Il materiale manipolativo aiuta tutti, soprattutto quelli con maggiore fragilità, a comprendere i concetti astratti. In più, l’insegnante può scegliere il livello delle esercitazioni sull’app, garantendo un percorso su misura. La soddisfazione è massima quando il docente si affida pienamente alla proposta.

3. Entriamo in Aula: La Trasformazione Quotidiana

Dalla strategia alla metodologia, arriviamo alla messa in opera. Come si traducono questi concetti nella gestione quotidiana dell’aula? Lo abbiamo chiesto a Lucia Colicelli, docente di primaria all’IC Don Milani-Leopardi, di Potenza.

Lucia, qual è stato il cambiamento più grande vissuto in classe?

Che la matematica non è più percepita come una materia difficile o ansiogena, ma come un “mondo di scoperta“. Gli alunni ora partecipano con maggiore sicurezza e si sentono protagonisti.

Come si crea un ambiente di apprendimento così sereno?

Le proposte sono graduali e progressive. L’uso di supporti visivi e concreti facilita la comprensione. Si crea un ambiente dove ogni bambino può sperimentare senza timore di sbagliare, lavorando al proprio ritmo e recuperando serenamente le difficoltà.

Qual è l’impatto sulla gestione della classe?

Le attività sono coinvolgenti e mantengono alta l’attenzione, riducendo le distrazioni. Il metodo promuove il lavoro cooperativo e un clima partecipativo. L’aumento dell’autonomia individuale permette a me, come insegnante, di seguire meglio i bisogni dei singoli.
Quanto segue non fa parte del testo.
(* Let $n=2$ and consider the infinite-horizon LTI primary problem in the context with scalar input, whose optimal closed-loop matrix $M+N\Theta$ is over-damped. Let $\lambda_1$ be a real eigenvalue of $M+N\Theta$ with right eigenvector $V_1$, and let the closed loop be initialised at this single real mode ($x(t_0)=V_1$, $x(t)=V_1e^{\lambda_1t}$). If every eigenvalue $\bar\lambda$ of $\lambda_1I+M$ satisfies $\mathrm{Re}(\bar\lambda)<0$, then the hard-constrained IOC problem (with $c_3=E$ known) does not converge to the true weights.
   Context: Primary LTI problem: minimize $\int_{t_0}^{\infty}(x^TDx+u^TEu)\,dt$ subject to $\dot x=Mx+Nu$, $x(t_0)=x_0$, $x\in\mathbb{R}^n$, scalar $u$, $D$ diagonal nonnegative (unknown), $E>0$ known. The optimal control is $u=\Theta x$, $\Theta=-E^{-1}N^T\Pi$, with $\Pi$ the stabilizing solution of $M^T\Pi+\Pi M+D-\Pi NE^{-1}N^T\Pi=0$. The cost is $c^T\phi$ with $\phi=(x_1^2,\dots,x_n^2,u^2)^T$, $c=(D_{11},\dots,D_{nn},E)^T$. Hard-constrained IOC method: with $\nabla_x\phi(t)=\begin{bmatrix}2\,\mathrm{diag}(x(t))\\0_{1\times n}\end{bmatrix}$ and $\nabla_u\phi(t)=(0,\dots,0,2u(t))^T$ along the measured trajectories, let $L(t)=\int_t^{\infty}e^{-M^T(t-\tau)}\nabla_x\phi^T(\tau)\,d\tau$ (so that the costate is $p=Lc$), $W_1(t)=\nabla_u\phi^T(t)+N^TL(t)$, $W=\int_{t_0}^{\infty}W_1^T(t)W_1(t)\,dt$; the IOC problem is to minimize $c^TWc$ over $c$ with the known component fixed. *)

theory Defs
  imports "HOL-Analysis.Analysis"
begin

text \<open>State dimension n = 2 (index type 2), scalar input.
 Matrices are real^'n^'m (m rows, n columns); row vectors are plain vectors used with v*.\<close>

fun mpow :: "real^'n^'n \<Rightarrow> nat \<Rightarrow> real^'n^'n" where
  "mpow A 0 = mat 1"
| "mpow A (Suc k) = A ** mpow A k"

definition mexp :: "real^'n^'n \<Rightarrow> real^'n^'n" where
  "mexp A = (\<Sum>k. (1 / fact k :: real) *\<^sub>R mpow A k)"

definition cmat :: "real^'n^'n \<Rightarrow> complex^'n^'n" where
  "cmat A = (\<chi> i j. complex_of_real (A $ i $ j))"

definition is_eigenvalue :: "real^'n^'n \<Rightarrow> complex \<Rightarrow> bool" where
  "is_eigenvalue A z \<longleftrightarrow> det (mat z - cmat A) = 0"

definition hurwitz :: "real^'n^'n \<Rightarrow> bool" where
  "hurwitz A \<longleftrightarrow> (\<forall>z. is_eigenvalue A z \<longrightarrow> Re z < 0)"

definition outer :: "real^'m \<Rightarrow> real^'n \<Rightarrow> real^'n^'m" where
  "outer a b = (\<chi> i j. a $ i * b $ j)"

definition gain :: "real^2 \<Rightarrow> real \<Rightarrow> real^2^2 \<Rightarrow> real^2" where
  "gain N E P = (- (1 / E)) *\<^sub>R (N v* P)"

definition closed_loop :: "real^2^2 \<Rightarrow> real^2 \<Rightarrow> real \<Rightarrow> real^2^2 \<Rightarrow> real^2^2" where
  "closed_loop M N E P = M + outer N (gain N E P)"

definition stabilizing_ARE_solution ::
  "real^2^2 \<Rightarrow> real^2 \<Rightarrow> real^2^2 \<Rightarrow> real \<Rightarrow> real^2^2 \<Rightarrow> bool" where
  "stabilizing_ARE_solution M N D E P \<longleftrightarrow>
     transpose P = P \<and>
     transpose M ** P + P ** M + D - (1 / E) *\<^sub>R (P ** outer N N ** P) = 0 \<and>
     hurwitz (closed_loop M N E P)"

definition overdamped :: "real^2^2 \<Rightarrow> bool" where
  "overdamped A \<longleftrightarrow> (\<exists>l1 l2 :: real. l1 \<noteq> l2 \<and> l1 < 0 \<and> l2 < 0 \<and>
      is_eigenvalue A (complex_of_real l1) \<and> is_eigenvalue A (complex_of_real l2))"

text \<open>Gradients of phi = (x1^2, x2^2, u^2): nabla_x phi^T is 2x3, nabla_u phi is in R^3.\<close>
definition gradx_T :: "real^2 \<Rightarrow> real^3^2" where
  "gradx_T x = (\<chi> i k. if (k = 1 \<and> i = 1) \<or> (k = 2 \<and> i = 2) then 2 * x $ i else 0)"

definition gradu :: "real \<Rightarrow> real^3" where
  "gradu u = (\<chi> k. if k = 3 then 2 * u else 0)"

definition Lmat :: "real^2^2 \<Rightarrow> (real \<Rightarrow> real^2) \<Rightarrow> real \<Rightarrow> real^3^2" where
  "Lmat M x t = integral {t..} (\<lambda>\<tau>. mexp ((\<tau> - t) *\<^sub>R transpose M) ** gradx_T (x \<tau>))"

definition W1 :: "real^2^2 \<Rightarrow> real^2 \<Rightarrow> (real \<Rightarrow> real^2) \<Rightarrow> (real \<Rightarrow> real) \<Rightarrow> real \<Rightarrow> real^3" where
  "W1 M N x u t = gradu (u t) + N v* Lmat M x t"

definition Wmat :: "real^2^2 \<Rightarrow> real^2 \<Rightarrow> (real \<Rightarrow> real^2) \<Rightarrow> (real \<Rightarrow> real) \<Rightarrow> real \<Rightarrow> real^3^3" where
  "Wmat M N x u t0 = integral {t0..} (\<lambda>t. outer (W1 M N x u t) (W1 M N x u t))"

definition ioc_minimizer :: "real^3^3 \<Rightarrow> real \<Rightarrow> real^3 \<Rightarrow> bool" where
  "ioc_minimizer W E c \<longleftrightarrow> c $ 3 = E \<and>
     (\<forall>c'. c' $ 3 = E \<longrightarrow> c \<bullet> (W *v c) \<le> c' \<bullet> (W *v c'))"

end

(*
  Along the real mode x(t) = e^(lam1 t) V1 the input u = Theta x is e^(lam1 t) times a
  constant, and the substitution tau = t + s in the integral defining L gives
  L(t) = e^(lam1 t) L(0).  Hence W1(t) = e^(lam1 t) w with w = W1(0), and
  W = beta w w^T with beta = int e^(2 lam1 t) dt >= 0 has rank at most one.  On the plane
  c3 = E the IOC cost beta (w . c)^2 attains its minimum on a whole line (on the whole
  plane if w1 = w2 = 0), so the minimiser is not unique and one of them differs from the
  true weights.
*)
theory Submission
  imports Defs
begin

lemma has_integral_translation_UNIV:
  fixes f :: "'a::euclidean_space \<Rightarrow> 'b::banach"
  assumes "(f has_integral I) UNIV"
  shows "((\<lambda>x. f (x + c)) has_integral I) UNIV"
proof -
  from assms have int: "\<And>a b. f integrable_on cbox a b"
    and lim: "\<And>e. e > 0 \<Longrightarrow>
      \<exists>B>0. \<forall>a b. ball 0 B \<subseteq> cbox a b \<longrightarrow> norm (integral (cbox a b) f - I) < e"
    by (simp_all add: has_integral_alt')
  have shifted_box:
    "integral (cbox a b) (\<lambda>x. f (x + c)) = integral (cbox (a + c) (b + c)) f" for a b
    using integral_shift_cbox[of "a + c" c "b + c" f] by simp
  show ?thesis
  proof (unfold has_integral_alt', intro conjI allI impI)
    show "(\<lambda>x. if x \<in> UNIV then f (x + c) else 0) integrable_on cbox a b" for a b
      using integrable_shift_cbox[OF int[of "a + c" "b + c"], of c] by simp
  next
    fix e :: real
    assume "e > 0"
    then obtain B where "B > 0"
      and B: "\<And>a b. ball 0 B \<subseteq> cbox a b \<Longrightarrow> norm (integral (cbox a b) f - I) < e"
      using lim by blast
    have "norm (integral (cbox a b) (\<lambda>x. f (x + c)) - I) < e"
      if ab: "ball 0 (B + norm c) \<subseteq> cbox a b" for a b
    proof -
      have "ball 0 B \<subseteq> cbox (a + c) (b + c)"
      proof
        fix y :: 'a
        assume "y \<in> ball 0 B"
        then have "y - c \<in> ball 0 (B + norm c)"
          using norm_triangle_ineq4[of c y] by (simp add: dist_norm)
        then have "y - c \<in> cbox a b" using ab by blast
        then show "y \<in> cbox (a + c) (b + c)"
          using cbox_shift'[of c a b] by force
      qed
      then show ?thesis using B shifted_box by simp
    qed
    then show "\<exists>B>0. \<forall>a b. ball 0 B \<subseteq> cbox a b \<longrightarrow>
        norm (integral (cbox a b) (\<lambda>x. if x \<in> UNIV then f (x + c) else 0) - I) < e"
      using \<open>B > 0\<close> by (intro exI[of _ "B + norm c"]) (auto simp: add_pos_nonneg)
  qed
qed

lemma integral_translation_UNIV:
  fixes f :: "'a::euclidean_space \<Rightarrow> 'b::banach"
  shows "integral UNIV (\<lambda>x. f (x + c)) = integral UNIV f"
proof (cases "f integrable_on UNIV")
  case True
  then show ?thesis
    by (metis has_integral_translation_UNIV integrable_integral integral_unique)
next
  case False
  then have "\<not> (\<lambda>x. f (x + c)) integrable_on UNIV"
    using has_integral_translation_UNIV[of "\<lambda>x. f (x + c)" _ "- c"]
    by (auto simp: integrable_on_def)
  with False show ?thesis by (simp add: not_integrable_integral)
qed

lemma integral_atLeast_shift:
  fixes f :: "real \<Rightarrow> 'b::banach"
  shows "integral {t..} f = integral {0..} (\<lambda>s. f (s + t))"
proof -
  have "integral {t..} f = integral UNIV (\<lambda>x. if x \<in> {t..} then f x else 0)"
    by (simp only: integral_restrict_UNIV)
  also have "\<dots> = integral UNIV (\<lambda>s. if s + t \<in> {t..} then f (s + t) else 0)"
    by (rule integral_translation_UNIV[symmetric])
  also have "\<dots> = integral UNIV (\<lambda>s. if s \<in> {0..} then f (s + t) else 0)"
    by simp
  also have "\<dots> = integral {0..} (\<lambda>s. f (s + t))"
    by (simp only: integral_restrict_UNIV)
  finally show ?thesis .
qed

lemma integral_scaleR_left_real:
  fixes f :: "'a::euclidean_space \<Rightarrow> real" and A :: "'b::euclidean_space"
  shows "integral S (\<lambda>x. f x *\<^sub>R A) = integral S f *\<^sub>R A"
proof (cases "f integrable_on S \<or> A = 0")
  case True
  then show ?thesis by (auto intro: has_integral_scaleR_left)
next
  case False
  then have "A \<bullet> A \<noteq> 0"
    by simp
  then have recover: "f x *\<^sub>R A \<bullet> (A /\<^sub>R (A \<bullet> A)) = f x" for x
    by (simp add: field_simps)
  have "\<not> (\<lambda>x. f x *\<^sub>R A) integrable_on S"
  proof
    assume "(\<lambda>x. f x *\<^sub>R A) integrable_on S"
    from integrable_linear[OF this bounded_linear_inner_left[of "A /\<^sub>R (A \<bullet> A)"]]
    have "f integrable_on S"
      by (simp only: o_def recover)
    with False show False by blast
  qed
  with False show ?thesis by (simp add: not_integrable_integral)
qed

lemma gradx_T_scaleR: "gradx_T (k *\<^sub>R v) = k *\<^sub>R gradx_T v"
  by (simp add: vec_eq_iff gradx_T_def)

lemma gradu_mult: "gradu (k * a) = k *\<^sub>R gradu a"
  by (simp add: vec_eq_iff gradu_def)

lemma outer_scaleR: "outer (a *\<^sub>R v) (b *\<^sub>R w) = (a * b) *\<^sub>R outer v w"
  by (simp add: vec_eq_iff outer_def mult_ac)

lemma quadratic_form_outer: "c \<bullet> ((s *\<^sub>R outer w w) *v c) = s * (w \<bullet> c)\<^sup>2"
  for w c :: "real^'n"
  by (simp add: outer_def matrix_vector_mult_def inner_vec_def sum_distrib_left
      power2_eq_square mult_ac)

lemma inner_vec_3: "(w::real^3) \<bullet> c = w$1 * c$1 + w$2 * c$2 + w$3 * c$3"
  by (simp add: inner_vec_def sum_3)

lemma Lmat_exponential_mode:
  "Lmat M (\<lambda>t. exp (l * t) *\<^sub>R v) t = exp (l * t) *\<^sub>R Lmat M (\<lambda>t. exp (l * t) *\<^sub>R v) 0"
proof -
  have "Lmat M (\<lambda>t. exp (l * t) *\<^sub>R v) t =
      integral {0..} (\<lambda>s. mexp (s *\<^sub>R transpose M) ** gradx_T (exp (l * (s + t)) *\<^sub>R v))"
    unfolding Lmat_def by (subst integral_atLeast_shift) simp
  also have "\<dots> = integral {0..} (\<lambda>s.
      exp (l * t) *\<^sub>R (mexp (s *\<^sub>R transpose M) ** gradx_T (exp (l * s) *\<^sub>R v)))"
    by (simp add: gradx_T_scaleR matrix_scalar_ac scalar_matrix_assoc[symmetric]
        distrib_left exp_add mult.commute)
  finally show ?thesis
    by (simp add: Lmat_def)
qed

lemma W1_exponential_mode:
  assumes "x = (\<lambda>t. exp (l * t) *\<^sub>R v)" and "u = (\<lambda>t. K \<bullet> x t)"
  shows "W1 M N x u t = exp (l * t) *\<^sub>R W1 M N x u 0"
  unfolding W1_def assms Lmat_exponential_mode[of M l v t]
  by (simp add: gradu_mult vector_scaleR_matrix_ac scaleR_add_right)

lemma Wmat_rank_one:
  assumes "\<And>t. W1 M N x u t = g t *\<^sub>R w"
  shows "Wmat M N x u t0 = integral {t0..} (\<lambda>t. (g t)\<^sup>2) *\<^sub>R outer w w"
  unfolding Wmat_def assms outer_scaleR
  by (simp add: integral_scaleR_left_real power2_eq_square)

lemma ioc_minimizer_rank_oneI:
  assumes "\<beta> \<ge> 0" and "c $ 3 = E"
    and "\<And>c'. c' $ 3 = E \<Longrightarrow> (w \<bullet> c)\<^sup>2 \<le> (w \<bullet> c')\<^sup>2"
  shows "ioc_minimizer (\<beta> *\<^sub>R outer w w) E c"
  using assms by (simp add: ioc_minimizer_def quadratic_form_outer mult_left_mono)

lemma ioc_minimizer_rank_one_not_unique:
  fixes w :: "real^3"
  assumes "\<beta> \<ge> 0"
  obtains c c' where "c \<noteq> c'"
    "ioc_minimizer (\<beta> *\<^sub>R outer w w) E c" "ioc_minimizer (\<beta> *\<^sub>R outer w w) E c'"
proof (cases "w $ 1 = 0 \<and> w $ 2 = 0")
  case True
  then have "w \<bullet> c = w $ 3 * E" if "c $ 3 = E" for c
    using that by (simp add: inner_vec_3)
  then have "ioc_minimizer (\<beta> *\<^sub>R outer w w) E (vector [a, 0, E])" for a
    using assms by (intro ioc_minimizer_rank_oneI) simp_all
  from this[of 0] this[of 1] show ?thesis
    by (rule that[rotated]) (metis vector_3(1) zero_neq_one)
next
  case False
  define s where "s = (w $ 1)\<^sup>2 + (w $ 2)\<^sup>2"
  have "s > 0"
    using False by (auto simp: s_def add_pos_nonneg add_nonneg_pos)
  \<comment> \<open>the points p + a d form a line in the plane c3 = E orthogonal to w\<close>
  define p :: "real^3"
    where "p = (1 / s) *\<^sub>R vector [- w $ 3 * E * w $ 1, - w $ 3 * E * w $ 2, E * s]"
  define d :: "real^3" where "d = vector [- w $ 2, w $ 1, 0]"
  have "w \<bullet> vector [- w $ 3 * E * w $ 1, - w $ 3 * E * w $ 2, E * s] = 0" "w \<bullet> d = 0"
    by (simp_all add: inner_vec_3 d_def s_def power2_eq_square algebra_simps)
  then have "w \<bullet> (p + a *\<^sub>R d) = 0" for a
    by (simp add: p_def inner_add_right)
  then have "ioc_minimizer (\<beta> *\<^sub>R outer w w) E (p + a *\<^sub>R d)" for a
    using assms \<open>s > 0\<close> by (intro ioc_minimizer_rank_oneI) (simp_all add: p_def d_def)
  moreover have "p \<noteq> p + 1 *\<^sub>R d"
    using False by (auto simp: d_def vec_eq_iff forall_3)
  ultimately show ?thesis
    by (metis that add_0_right scale_zero_left)
qed

theorem lemma2:
  fixes M :: "real^2^2" and N :: "real^2" and D :: "real^2^2" and E :: real
    and P :: "real^2^2" and lam1 :: real and V1 :: "real^2"
  assumes D_diag: "\<forall>i j. i \<noteq> j \<longrightarrow> D $ i $ j = 0"
    and D_nonneg: "\<forall>i. D $ i $ i \<ge> 0"
    and E_pos: "E > 0"
    and Pi: "stabilizing_ARE_solution M N D E P"
    and od: "overdamped (closed_loop M N E P)"
    and eig: "V1 \<noteq> 0" "closed_loop M N E P *v V1 = lam1 *\<^sub>R V1"
    and shifted: "\<forall>z. is_eigenvalue (mat lam1 + M) z \<longrightarrow> Re z < 0"
  shows "let x = (\<lambda>t. exp (lam1 * t) *\<^sub>R V1);
             u = (\<lambda>t. gain N E P \<bullet> x t);
             c_true = (vector [D $ 1 $ 1, D $ 2 $ 2, E] :: real^3);
             W = Wmat M N x u 0
         in \<exists>c. ioc_minimizer W E c \<and> c \<noteq> c_true"
proof -
  define x where "x = (\<lambda>t. exp (lam1 * t) *\<^sub>R V1)"
  define u where "u = (\<lambda>t. gain N E P \<bullet> x t)"
  define w where "w = W1 M N x u 0"
  have "W1 M N x u t = exp (lam1 * t) *\<^sub>R w" for t
    unfolding w_def by (rule W1_exponential_mode[OF x_def u_def])
  then have W:
    "Wmat M N x u 0 = integral {0..} (\<lambda>t. (exp (lam1 * t))\<^sup>2) *\<^sub>R outer w w"
    by (rule Wmat_rank_one)
  have "integral {0..} (\<lambda>t. (exp (lam1 * t))\<^sup>2) \<ge> 0"
    by (cases "(\<lambda>t. (exp (lam1 * t))\<^sup>2) integrable_on {0..}")
      (simp_all add: integral_nonneg not_integrable_integral)
  then obtain c c' where "c \<noteq> c'"
    "ioc_minimizer (Wmat M N x u 0) E c" "ioc_minimizer (Wmat M N x u 0) E c'"
    unfolding W by (rule ioc_minimizer_rank_one_not_unique)
  then show ?thesis
    unfolding Let_def x_def[symmetric] u_def[symmetric] by metis
qed

end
Come docente, com’è cambiato il carico di lavoro?

Una volta compreso il metodo, il carico organizzativo è diminuito. Le attività sono già pronte, strutturate e differenziate, e questo riduce il tempo di preparazione. Gli strumenti di monitoraggio aiutano a pianificare gli interventi. In generale, mi sento supportata e non lasciata sola.